WHAT TO DO
Reproduce, exactly, the lines of the material below from the line containing "i :: 'a::comm_ring_1)" through the line containing "nat \<Rightarrow> (real", with both end lines included and nothing else.

----

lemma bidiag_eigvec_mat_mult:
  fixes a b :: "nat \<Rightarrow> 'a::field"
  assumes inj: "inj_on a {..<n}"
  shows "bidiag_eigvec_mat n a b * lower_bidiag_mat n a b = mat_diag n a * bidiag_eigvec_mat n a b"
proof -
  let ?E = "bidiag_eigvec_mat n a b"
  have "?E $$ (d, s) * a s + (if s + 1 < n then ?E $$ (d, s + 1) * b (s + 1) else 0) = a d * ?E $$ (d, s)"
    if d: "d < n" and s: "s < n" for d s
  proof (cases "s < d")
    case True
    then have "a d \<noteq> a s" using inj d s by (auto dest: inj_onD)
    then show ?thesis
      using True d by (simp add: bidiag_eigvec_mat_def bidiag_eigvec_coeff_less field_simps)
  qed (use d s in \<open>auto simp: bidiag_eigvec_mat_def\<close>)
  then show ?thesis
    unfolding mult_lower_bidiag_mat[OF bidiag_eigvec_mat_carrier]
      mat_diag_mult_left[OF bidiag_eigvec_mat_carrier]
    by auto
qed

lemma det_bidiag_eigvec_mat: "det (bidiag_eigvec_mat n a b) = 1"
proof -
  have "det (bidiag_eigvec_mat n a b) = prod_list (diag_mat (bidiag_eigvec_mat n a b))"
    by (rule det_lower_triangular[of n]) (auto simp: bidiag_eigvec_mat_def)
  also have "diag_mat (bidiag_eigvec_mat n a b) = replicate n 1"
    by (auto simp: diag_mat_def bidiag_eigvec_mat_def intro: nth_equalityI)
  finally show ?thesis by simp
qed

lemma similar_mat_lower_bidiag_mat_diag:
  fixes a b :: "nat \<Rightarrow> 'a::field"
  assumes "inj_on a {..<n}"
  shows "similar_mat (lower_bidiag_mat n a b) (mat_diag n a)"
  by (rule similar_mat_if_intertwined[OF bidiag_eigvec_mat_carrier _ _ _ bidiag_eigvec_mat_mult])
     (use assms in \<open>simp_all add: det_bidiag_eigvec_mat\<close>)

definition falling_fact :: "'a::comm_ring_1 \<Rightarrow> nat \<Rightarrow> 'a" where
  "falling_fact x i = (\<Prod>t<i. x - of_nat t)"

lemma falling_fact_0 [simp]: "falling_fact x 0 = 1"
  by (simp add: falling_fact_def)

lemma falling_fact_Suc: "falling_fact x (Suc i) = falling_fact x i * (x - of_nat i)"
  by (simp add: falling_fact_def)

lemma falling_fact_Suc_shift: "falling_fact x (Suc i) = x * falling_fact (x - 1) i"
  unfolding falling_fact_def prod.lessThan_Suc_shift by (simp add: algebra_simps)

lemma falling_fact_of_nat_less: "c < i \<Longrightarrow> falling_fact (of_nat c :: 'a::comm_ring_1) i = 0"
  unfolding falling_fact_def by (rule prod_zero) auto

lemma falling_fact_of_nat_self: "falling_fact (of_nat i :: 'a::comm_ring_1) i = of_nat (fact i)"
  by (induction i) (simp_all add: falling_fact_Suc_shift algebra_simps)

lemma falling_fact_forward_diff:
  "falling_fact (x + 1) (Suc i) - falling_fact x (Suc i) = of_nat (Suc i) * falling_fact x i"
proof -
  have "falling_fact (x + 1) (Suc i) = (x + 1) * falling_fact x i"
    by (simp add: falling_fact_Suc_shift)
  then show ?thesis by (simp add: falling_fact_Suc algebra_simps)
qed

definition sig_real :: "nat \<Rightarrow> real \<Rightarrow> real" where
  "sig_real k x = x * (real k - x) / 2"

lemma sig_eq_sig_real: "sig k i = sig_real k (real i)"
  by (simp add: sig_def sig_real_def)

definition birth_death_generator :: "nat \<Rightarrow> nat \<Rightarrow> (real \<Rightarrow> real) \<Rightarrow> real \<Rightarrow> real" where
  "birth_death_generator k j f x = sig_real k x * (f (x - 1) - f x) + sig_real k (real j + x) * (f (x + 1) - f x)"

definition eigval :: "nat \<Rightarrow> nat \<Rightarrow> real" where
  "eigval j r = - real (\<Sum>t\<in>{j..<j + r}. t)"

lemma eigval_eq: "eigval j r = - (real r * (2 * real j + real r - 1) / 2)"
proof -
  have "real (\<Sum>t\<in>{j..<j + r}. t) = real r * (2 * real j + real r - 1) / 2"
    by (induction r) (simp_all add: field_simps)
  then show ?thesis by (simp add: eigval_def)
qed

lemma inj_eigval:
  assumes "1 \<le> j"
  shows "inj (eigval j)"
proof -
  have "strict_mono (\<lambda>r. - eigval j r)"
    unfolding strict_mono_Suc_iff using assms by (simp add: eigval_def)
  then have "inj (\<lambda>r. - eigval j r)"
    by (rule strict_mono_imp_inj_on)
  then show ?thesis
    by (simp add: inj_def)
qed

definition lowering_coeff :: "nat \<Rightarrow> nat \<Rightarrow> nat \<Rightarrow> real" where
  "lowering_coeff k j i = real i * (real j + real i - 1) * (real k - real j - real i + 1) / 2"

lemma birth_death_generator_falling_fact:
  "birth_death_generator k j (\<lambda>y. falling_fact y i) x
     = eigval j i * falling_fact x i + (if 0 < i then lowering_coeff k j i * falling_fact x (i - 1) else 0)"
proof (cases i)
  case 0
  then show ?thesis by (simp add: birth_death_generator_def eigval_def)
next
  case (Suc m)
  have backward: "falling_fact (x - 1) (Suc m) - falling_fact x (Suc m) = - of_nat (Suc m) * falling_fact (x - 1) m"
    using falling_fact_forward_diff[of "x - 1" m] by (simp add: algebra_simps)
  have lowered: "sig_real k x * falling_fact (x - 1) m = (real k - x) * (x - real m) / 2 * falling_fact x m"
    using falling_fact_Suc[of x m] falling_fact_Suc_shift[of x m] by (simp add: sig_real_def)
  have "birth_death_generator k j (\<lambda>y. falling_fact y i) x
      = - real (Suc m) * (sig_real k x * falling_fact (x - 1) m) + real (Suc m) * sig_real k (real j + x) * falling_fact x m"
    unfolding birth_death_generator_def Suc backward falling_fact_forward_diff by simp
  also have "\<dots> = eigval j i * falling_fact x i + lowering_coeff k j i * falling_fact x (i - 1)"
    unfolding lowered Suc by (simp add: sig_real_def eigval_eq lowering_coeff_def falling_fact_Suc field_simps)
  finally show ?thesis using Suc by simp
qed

----

ANSWER TO THE EXERCISE
lemma falling_fact_of_nat_self: "falling_fact (of_nat i :: 'a::comm_ring_1) i = of_nat (fact i)"
  by (induction i) (simp_all add: falling_fact_Suc_shift algebra_simps)

lemma falling_fact_forward_diff:
  "falling_fact (x + 1) (Suc i) - falling_fact x (Suc i) = of_nat (Suc i) * falling_fact x i"
proof -
  have "falling_fact (x + 1) (Suc i) = (x + 1) * falling_fact x i"
    by (simp add: falling_fact_Suc_shift)
  then show ?thesis by (simp add: falling_fact_Suc algebra_simps)
qed

definition sig_real :: "nat \<Rightarrow> real \<Rightarrow> real" where
  "sig_real k x = x * (real k - x) / 2"

lemma sig_eq_sig_real: "sig k i = sig_real k (real i)"
  by (simp add: sig_def sig_real_def)

definition birth_death_generator :: "nat \<Rightarrow> nat \<Rightarrow> (real \<Rightarrow> real) \<Rightarrow> real \<Rightarrow> real" where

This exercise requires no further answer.